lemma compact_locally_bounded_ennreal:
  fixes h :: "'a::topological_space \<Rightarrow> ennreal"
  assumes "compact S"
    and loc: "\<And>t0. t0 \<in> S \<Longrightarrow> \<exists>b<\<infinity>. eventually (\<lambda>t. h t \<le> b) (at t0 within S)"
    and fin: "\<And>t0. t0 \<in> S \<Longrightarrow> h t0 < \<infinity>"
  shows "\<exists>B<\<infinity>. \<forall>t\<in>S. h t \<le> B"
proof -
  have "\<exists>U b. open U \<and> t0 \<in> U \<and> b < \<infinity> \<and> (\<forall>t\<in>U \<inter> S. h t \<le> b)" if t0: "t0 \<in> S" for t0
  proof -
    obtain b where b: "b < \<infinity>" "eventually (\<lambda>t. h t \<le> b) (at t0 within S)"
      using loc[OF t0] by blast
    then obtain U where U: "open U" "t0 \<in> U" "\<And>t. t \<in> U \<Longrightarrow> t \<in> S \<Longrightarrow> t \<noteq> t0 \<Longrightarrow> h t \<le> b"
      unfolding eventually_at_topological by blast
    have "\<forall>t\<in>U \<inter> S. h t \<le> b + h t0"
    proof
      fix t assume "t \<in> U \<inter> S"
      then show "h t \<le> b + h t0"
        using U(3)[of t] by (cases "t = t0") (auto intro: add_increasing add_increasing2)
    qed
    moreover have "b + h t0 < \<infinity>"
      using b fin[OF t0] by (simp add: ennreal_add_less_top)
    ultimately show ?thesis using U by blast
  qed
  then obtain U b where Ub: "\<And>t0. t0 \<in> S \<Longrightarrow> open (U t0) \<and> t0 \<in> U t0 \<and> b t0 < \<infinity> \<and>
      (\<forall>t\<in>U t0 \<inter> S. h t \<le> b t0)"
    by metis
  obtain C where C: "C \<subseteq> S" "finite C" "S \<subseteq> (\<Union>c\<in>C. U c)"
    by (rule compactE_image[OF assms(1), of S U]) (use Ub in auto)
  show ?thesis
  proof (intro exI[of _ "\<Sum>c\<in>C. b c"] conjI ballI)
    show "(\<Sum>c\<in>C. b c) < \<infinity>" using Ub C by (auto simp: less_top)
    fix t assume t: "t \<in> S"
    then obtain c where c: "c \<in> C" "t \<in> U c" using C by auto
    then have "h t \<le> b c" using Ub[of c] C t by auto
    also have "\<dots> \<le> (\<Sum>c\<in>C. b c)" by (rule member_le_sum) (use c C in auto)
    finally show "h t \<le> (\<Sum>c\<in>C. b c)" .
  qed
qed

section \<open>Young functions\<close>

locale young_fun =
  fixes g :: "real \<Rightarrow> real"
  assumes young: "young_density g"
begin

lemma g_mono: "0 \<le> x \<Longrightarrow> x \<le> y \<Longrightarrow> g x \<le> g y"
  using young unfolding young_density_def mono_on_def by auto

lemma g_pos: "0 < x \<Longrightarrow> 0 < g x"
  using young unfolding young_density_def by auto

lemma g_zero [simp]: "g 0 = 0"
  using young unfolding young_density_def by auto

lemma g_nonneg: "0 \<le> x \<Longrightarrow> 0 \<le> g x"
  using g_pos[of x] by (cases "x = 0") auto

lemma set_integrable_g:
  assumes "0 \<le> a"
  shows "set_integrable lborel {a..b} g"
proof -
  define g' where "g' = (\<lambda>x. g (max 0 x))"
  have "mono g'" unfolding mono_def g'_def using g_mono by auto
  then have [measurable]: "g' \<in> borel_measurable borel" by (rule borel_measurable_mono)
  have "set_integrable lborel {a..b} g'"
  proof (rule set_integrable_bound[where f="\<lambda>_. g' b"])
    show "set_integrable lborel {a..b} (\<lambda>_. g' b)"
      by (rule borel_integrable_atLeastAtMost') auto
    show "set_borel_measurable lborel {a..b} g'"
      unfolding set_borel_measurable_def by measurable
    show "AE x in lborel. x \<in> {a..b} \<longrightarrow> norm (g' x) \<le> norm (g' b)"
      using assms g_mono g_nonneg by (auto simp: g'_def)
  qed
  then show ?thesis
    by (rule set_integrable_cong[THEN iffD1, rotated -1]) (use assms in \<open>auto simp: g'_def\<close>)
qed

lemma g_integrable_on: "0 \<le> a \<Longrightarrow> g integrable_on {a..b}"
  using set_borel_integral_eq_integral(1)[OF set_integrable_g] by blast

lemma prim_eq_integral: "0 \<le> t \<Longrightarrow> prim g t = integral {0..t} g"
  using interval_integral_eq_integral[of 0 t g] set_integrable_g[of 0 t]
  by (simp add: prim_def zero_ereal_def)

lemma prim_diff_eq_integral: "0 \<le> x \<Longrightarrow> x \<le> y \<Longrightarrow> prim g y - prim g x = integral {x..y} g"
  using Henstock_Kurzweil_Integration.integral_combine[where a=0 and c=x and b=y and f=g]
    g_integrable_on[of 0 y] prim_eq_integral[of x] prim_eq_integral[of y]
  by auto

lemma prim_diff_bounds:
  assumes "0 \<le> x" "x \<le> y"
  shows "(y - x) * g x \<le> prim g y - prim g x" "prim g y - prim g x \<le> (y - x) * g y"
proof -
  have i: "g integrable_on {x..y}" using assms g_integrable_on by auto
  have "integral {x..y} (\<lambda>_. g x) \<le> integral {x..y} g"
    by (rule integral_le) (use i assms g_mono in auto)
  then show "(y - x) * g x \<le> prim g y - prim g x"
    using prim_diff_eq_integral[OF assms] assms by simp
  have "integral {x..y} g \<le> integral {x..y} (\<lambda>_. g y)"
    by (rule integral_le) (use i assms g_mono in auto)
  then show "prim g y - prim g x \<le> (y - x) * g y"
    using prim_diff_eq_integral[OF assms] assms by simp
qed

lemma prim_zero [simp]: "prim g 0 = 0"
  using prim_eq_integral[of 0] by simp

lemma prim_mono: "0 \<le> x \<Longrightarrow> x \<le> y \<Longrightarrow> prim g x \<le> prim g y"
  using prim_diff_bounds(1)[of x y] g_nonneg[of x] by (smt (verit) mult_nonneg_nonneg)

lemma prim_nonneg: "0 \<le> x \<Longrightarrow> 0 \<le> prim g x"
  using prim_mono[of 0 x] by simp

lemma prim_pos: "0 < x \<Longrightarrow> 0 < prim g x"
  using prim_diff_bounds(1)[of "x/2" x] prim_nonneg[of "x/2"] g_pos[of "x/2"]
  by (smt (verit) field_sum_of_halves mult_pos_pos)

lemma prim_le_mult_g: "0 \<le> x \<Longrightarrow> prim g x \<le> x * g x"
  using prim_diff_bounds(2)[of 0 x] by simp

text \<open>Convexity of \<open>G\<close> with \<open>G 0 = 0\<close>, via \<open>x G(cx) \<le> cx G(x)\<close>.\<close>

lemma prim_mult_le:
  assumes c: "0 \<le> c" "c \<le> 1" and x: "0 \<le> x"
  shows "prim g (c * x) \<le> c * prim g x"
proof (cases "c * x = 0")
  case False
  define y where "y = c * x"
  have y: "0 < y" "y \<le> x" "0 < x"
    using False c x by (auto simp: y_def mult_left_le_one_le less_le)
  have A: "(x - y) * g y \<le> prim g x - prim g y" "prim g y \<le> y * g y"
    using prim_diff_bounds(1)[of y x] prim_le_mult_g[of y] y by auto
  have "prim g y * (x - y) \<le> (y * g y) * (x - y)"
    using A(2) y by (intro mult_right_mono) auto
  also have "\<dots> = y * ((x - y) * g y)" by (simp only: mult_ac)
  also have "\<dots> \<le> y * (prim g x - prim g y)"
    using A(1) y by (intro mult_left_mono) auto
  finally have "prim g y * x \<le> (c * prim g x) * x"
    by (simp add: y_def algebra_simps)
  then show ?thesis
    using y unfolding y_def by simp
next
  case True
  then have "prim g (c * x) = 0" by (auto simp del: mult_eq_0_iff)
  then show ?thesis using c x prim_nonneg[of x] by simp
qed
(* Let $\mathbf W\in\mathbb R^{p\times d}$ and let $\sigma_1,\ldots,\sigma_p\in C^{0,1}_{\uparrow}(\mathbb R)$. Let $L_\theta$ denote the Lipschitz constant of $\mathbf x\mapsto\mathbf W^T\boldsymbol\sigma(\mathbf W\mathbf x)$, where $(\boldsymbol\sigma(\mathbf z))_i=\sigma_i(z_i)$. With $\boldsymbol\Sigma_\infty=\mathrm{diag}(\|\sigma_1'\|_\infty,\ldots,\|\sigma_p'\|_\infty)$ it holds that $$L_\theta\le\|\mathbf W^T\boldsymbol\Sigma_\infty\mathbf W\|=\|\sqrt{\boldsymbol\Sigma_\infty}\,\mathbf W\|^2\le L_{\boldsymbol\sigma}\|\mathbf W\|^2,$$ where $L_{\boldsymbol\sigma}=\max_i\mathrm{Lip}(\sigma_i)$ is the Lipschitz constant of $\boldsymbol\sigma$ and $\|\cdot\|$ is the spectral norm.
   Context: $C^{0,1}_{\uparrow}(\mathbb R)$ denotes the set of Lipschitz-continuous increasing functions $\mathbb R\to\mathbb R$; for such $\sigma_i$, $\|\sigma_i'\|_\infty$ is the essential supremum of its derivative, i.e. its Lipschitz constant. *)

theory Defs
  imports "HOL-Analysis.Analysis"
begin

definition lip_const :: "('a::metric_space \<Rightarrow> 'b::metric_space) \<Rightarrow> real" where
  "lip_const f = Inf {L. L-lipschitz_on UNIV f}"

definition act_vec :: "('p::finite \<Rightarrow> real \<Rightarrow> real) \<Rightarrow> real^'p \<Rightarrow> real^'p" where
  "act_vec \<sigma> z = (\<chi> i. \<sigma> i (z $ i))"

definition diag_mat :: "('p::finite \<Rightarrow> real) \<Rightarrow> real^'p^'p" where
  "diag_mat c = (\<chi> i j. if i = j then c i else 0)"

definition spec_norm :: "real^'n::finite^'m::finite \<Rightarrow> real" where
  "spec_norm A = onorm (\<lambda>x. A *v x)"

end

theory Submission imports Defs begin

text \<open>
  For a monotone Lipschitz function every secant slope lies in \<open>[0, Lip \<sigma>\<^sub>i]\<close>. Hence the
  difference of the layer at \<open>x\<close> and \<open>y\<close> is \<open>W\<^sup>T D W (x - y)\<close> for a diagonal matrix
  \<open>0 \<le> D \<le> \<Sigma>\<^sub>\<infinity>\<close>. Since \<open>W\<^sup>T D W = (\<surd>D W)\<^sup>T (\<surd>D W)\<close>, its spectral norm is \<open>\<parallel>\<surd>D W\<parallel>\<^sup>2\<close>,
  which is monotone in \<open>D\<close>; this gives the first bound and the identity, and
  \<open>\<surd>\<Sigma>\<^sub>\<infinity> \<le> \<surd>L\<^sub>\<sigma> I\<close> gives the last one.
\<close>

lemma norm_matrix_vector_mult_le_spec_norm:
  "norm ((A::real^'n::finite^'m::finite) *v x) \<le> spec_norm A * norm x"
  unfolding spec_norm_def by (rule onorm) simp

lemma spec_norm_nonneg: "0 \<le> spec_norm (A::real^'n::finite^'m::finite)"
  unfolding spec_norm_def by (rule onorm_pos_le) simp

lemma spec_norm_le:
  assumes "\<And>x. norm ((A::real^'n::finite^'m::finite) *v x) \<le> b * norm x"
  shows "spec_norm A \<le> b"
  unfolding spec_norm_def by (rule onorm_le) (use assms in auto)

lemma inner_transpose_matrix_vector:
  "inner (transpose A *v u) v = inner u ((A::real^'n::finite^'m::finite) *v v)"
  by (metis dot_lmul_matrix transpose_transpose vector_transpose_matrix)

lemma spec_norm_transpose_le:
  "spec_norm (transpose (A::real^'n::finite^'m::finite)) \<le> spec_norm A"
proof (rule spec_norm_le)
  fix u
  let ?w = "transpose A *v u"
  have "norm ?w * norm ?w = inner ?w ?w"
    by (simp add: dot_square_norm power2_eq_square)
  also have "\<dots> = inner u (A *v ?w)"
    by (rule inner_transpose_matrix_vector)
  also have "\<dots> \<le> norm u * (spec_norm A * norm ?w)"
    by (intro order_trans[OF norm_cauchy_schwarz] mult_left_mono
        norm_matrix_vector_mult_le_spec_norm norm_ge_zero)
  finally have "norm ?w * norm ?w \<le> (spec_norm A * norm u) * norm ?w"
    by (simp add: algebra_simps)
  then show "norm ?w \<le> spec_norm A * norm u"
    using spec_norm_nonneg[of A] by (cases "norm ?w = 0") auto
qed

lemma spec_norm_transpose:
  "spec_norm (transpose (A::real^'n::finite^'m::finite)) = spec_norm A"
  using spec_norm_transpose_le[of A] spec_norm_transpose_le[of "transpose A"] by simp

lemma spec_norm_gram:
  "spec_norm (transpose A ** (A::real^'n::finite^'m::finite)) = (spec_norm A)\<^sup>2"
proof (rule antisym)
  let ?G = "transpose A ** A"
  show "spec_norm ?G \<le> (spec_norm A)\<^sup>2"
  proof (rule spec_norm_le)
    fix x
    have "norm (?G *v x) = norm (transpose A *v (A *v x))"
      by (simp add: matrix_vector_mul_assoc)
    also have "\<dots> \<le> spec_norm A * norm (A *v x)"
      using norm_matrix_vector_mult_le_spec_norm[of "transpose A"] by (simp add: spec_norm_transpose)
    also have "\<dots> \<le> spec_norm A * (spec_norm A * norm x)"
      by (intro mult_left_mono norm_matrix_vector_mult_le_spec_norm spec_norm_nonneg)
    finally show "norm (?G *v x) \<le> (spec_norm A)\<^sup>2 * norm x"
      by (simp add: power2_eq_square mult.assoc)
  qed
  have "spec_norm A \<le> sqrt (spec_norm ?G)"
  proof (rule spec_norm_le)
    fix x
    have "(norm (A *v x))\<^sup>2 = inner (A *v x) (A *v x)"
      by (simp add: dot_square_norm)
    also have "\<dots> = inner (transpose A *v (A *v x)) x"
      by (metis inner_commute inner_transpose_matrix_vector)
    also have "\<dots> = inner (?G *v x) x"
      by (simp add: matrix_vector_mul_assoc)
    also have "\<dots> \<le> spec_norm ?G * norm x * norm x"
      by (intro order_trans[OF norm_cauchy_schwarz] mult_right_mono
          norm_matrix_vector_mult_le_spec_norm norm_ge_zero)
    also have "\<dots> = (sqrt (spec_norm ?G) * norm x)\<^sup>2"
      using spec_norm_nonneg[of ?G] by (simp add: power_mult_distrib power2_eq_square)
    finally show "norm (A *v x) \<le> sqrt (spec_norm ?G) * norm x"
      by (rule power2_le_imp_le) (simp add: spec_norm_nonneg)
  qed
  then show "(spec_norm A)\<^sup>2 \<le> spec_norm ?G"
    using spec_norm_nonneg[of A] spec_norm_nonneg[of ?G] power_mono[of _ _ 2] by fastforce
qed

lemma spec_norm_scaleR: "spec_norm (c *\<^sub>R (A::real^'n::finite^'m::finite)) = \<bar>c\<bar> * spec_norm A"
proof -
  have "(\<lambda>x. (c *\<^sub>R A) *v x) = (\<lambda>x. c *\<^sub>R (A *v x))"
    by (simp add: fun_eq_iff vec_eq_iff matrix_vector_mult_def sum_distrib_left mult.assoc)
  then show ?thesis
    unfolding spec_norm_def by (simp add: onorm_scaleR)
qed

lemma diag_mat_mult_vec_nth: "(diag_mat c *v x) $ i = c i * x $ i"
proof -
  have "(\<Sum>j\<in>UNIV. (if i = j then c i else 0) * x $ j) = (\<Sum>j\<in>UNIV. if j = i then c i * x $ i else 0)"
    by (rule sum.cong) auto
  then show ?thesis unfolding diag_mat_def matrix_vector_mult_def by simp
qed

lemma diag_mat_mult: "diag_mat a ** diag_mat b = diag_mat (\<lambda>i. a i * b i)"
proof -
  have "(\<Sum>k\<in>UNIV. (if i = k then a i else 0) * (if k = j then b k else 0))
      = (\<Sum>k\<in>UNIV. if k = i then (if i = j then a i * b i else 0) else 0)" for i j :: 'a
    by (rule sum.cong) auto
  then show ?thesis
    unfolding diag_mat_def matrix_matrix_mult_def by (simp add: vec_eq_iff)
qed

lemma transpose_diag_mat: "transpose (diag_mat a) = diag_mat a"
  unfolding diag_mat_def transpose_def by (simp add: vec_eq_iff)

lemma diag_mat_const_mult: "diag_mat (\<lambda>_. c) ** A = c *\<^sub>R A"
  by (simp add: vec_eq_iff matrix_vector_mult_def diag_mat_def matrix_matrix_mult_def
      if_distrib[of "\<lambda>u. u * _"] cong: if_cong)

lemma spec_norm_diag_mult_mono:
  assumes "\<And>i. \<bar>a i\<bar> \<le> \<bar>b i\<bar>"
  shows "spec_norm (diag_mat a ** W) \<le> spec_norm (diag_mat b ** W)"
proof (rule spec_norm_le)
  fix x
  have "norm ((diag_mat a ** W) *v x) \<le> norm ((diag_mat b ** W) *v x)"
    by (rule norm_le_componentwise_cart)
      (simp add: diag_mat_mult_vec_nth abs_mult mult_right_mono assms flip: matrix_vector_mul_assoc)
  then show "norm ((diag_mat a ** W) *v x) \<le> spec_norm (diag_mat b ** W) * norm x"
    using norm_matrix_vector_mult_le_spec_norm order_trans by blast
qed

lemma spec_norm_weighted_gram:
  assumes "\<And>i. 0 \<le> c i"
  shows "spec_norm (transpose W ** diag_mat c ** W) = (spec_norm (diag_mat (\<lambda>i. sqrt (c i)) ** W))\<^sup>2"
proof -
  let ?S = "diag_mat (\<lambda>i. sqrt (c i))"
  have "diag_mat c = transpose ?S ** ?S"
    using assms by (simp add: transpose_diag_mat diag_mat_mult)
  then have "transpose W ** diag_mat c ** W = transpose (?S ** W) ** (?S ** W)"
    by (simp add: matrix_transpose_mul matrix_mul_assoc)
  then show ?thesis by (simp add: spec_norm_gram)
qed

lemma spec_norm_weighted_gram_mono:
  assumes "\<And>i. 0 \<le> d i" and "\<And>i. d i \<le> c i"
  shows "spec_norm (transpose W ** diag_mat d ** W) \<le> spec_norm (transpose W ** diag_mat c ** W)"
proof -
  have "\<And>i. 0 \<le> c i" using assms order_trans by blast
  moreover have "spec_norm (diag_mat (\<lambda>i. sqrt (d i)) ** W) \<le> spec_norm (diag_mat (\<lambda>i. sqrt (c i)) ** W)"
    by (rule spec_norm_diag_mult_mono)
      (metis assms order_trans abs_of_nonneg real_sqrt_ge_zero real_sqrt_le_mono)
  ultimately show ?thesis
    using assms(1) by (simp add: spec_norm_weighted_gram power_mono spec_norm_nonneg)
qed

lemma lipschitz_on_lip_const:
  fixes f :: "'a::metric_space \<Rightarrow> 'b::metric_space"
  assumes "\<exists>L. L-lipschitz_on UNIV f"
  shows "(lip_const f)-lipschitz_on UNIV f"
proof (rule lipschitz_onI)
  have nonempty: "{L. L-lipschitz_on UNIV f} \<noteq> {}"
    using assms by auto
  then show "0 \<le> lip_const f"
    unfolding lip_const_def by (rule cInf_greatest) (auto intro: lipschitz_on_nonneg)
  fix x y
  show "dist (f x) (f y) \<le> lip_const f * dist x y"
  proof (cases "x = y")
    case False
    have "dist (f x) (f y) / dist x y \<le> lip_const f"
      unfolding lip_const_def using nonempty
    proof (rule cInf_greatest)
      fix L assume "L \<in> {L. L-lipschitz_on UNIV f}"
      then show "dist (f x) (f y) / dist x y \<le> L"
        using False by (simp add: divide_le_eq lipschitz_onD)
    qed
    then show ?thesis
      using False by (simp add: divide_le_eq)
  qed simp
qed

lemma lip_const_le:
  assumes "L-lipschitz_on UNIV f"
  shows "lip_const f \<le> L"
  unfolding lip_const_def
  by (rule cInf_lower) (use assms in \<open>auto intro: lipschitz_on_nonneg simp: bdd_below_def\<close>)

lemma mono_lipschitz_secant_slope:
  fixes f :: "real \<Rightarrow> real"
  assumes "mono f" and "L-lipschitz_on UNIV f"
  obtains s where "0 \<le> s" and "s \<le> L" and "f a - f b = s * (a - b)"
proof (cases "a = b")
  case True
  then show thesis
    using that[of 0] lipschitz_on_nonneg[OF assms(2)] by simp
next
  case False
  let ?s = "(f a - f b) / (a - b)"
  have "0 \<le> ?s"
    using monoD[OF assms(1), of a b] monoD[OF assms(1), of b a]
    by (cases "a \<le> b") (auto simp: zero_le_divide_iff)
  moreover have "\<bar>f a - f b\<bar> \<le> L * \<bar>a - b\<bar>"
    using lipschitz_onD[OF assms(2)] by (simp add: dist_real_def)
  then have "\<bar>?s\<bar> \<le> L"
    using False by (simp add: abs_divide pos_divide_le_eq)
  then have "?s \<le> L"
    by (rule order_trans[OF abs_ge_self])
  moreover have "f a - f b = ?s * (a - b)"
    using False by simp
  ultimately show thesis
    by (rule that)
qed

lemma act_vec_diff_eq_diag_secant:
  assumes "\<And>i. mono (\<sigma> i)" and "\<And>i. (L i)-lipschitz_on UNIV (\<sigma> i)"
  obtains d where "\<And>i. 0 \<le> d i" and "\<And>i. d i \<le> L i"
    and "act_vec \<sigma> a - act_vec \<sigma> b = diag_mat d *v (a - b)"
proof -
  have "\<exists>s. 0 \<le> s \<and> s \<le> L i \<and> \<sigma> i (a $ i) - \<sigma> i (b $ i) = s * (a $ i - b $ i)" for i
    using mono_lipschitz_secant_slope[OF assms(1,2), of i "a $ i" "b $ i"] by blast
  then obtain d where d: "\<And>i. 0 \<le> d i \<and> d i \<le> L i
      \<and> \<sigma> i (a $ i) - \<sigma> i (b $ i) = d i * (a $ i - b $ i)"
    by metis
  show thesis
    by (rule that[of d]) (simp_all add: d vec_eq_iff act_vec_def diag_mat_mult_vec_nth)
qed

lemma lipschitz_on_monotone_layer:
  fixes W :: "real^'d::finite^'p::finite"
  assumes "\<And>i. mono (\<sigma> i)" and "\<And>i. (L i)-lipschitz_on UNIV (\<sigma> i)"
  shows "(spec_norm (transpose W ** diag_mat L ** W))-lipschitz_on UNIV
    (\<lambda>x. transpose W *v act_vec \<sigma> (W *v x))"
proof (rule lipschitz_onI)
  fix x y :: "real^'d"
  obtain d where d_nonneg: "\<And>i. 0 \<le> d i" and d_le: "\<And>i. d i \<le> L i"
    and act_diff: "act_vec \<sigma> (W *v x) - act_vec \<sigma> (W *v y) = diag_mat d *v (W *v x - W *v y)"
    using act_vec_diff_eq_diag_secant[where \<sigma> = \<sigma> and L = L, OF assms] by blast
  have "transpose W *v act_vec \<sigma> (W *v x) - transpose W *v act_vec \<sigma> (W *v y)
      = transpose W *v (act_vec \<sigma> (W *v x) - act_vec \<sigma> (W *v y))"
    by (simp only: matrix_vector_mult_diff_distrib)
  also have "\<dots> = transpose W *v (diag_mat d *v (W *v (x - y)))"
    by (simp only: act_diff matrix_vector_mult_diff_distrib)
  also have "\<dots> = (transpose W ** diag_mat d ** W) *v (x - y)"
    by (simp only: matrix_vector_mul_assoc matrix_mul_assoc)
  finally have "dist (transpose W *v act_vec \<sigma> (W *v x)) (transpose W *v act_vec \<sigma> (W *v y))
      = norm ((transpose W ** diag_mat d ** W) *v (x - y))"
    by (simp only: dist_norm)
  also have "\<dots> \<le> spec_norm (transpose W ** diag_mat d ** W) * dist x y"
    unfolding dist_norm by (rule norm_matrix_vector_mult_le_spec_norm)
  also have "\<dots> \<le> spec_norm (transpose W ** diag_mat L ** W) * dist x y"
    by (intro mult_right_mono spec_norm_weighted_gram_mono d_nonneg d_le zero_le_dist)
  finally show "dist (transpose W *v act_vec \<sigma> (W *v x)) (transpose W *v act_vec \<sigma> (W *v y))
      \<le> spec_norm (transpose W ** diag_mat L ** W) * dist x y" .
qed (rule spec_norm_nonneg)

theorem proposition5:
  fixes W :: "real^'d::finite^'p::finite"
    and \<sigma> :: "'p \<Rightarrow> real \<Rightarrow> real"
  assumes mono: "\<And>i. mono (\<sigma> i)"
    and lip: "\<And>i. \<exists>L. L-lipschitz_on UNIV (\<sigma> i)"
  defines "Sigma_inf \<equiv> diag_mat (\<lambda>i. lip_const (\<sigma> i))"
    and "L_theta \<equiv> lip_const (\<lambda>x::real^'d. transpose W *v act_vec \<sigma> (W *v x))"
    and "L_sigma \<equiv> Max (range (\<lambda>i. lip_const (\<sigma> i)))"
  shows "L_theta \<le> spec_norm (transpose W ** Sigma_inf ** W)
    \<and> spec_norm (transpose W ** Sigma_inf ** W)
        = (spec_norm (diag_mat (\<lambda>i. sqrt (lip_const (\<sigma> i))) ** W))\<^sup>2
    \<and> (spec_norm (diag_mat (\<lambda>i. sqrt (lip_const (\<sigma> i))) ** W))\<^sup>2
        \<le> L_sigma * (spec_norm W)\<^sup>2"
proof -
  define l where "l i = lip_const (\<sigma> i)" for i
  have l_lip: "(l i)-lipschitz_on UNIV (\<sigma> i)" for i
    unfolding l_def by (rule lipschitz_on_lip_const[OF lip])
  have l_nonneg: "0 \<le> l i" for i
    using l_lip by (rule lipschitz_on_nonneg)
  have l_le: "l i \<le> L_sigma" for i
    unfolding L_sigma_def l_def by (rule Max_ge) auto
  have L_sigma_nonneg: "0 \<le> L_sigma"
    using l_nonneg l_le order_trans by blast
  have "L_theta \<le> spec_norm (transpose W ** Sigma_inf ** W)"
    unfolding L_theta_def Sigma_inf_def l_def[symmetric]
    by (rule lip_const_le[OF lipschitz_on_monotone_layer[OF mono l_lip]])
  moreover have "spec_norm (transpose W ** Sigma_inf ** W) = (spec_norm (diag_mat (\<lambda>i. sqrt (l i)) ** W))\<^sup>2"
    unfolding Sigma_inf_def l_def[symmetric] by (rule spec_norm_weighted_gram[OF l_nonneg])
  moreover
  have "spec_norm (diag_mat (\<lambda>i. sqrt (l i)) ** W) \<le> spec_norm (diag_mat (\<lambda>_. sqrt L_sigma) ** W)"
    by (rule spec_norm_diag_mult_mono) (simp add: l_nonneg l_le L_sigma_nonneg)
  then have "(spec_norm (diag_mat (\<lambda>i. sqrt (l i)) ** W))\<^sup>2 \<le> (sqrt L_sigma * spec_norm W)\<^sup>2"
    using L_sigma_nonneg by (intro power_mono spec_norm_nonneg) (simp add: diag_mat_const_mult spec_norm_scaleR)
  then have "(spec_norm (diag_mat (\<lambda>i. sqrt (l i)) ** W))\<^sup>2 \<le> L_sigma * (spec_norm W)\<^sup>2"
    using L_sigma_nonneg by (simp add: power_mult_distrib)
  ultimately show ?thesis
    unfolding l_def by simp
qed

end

========================================

# Prompt:
Your task for the entries above: copy exactly the span starting with the line with "by (simp add: matrix_transpose_mul" and going on through the line with "fix L assume", both lines included, and nothing else.

# Response to the exercise:
    by (simp add: matrix_transpose_mul matrix_mul_assoc)
  then show ?thesis by (simp add: spec_norm_gram)
qed

lemma spec_norm_weighted_gram_mono:
  assumes "\<And>i. 0 \<le> d i" and "\<And>i. d i \<le> c i"
  shows "spec_norm (transpose W ** diag_mat d ** W) \<le> spec_norm (transpose W ** diag_mat c ** W)"
proof -
  have "\<And>i. 0 \<le> c i" using assms order_trans by blast
  moreover have "spec_norm (diag_mat (\<lambda>i. sqrt (d i)) ** W) \<le> spec_norm (diag_mat (\<lambda>i. sqrt (c i)) ** W)"
    by (rule spec_norm_diag_mult_mono)
      (metis assms order_trans abs_of_nonneg real_sqrt_ge_zero real_sqrt_le_mono)
  ultimately show ?thesis
    using assms(1) by (simp add: spec_norm_weighted_gram power_mono spec_norm_nonneg)
qed

lemma lipschitz_on_lip_const:
  fixes f :: "'a::metric_space \<Rightarrow> 'b::metric_space"
  assumes "\<exists>L. L-lipschitz_on UNIV f"
  shows "(lip_const f)-lipschitz_on UNIV f"
proof (rule lipschitz_onI)
  have nonempty: "{L. L-lipschitz_on UNIV f} \<noteq> {}"
    using assms by auto
  then show "0 \<le> lip_const f"
    unfolding lip_const_def by (rule cInf_greatest) (auto intro: lipschitz_on_nonneg)
  fix x y
  show "dist (f x) (f y) \<le> lip_const f * dist x y"
  proof (cases "x = y")
    case False
    have "dist (f x) (f y) / dist x y \<le> lip_const f"
      unfolding lip_const_def using nonempty
    proof (rule cInf_greatest)
      fix L assume "L \<in> {L. L-lipschitz_on UNIV f}"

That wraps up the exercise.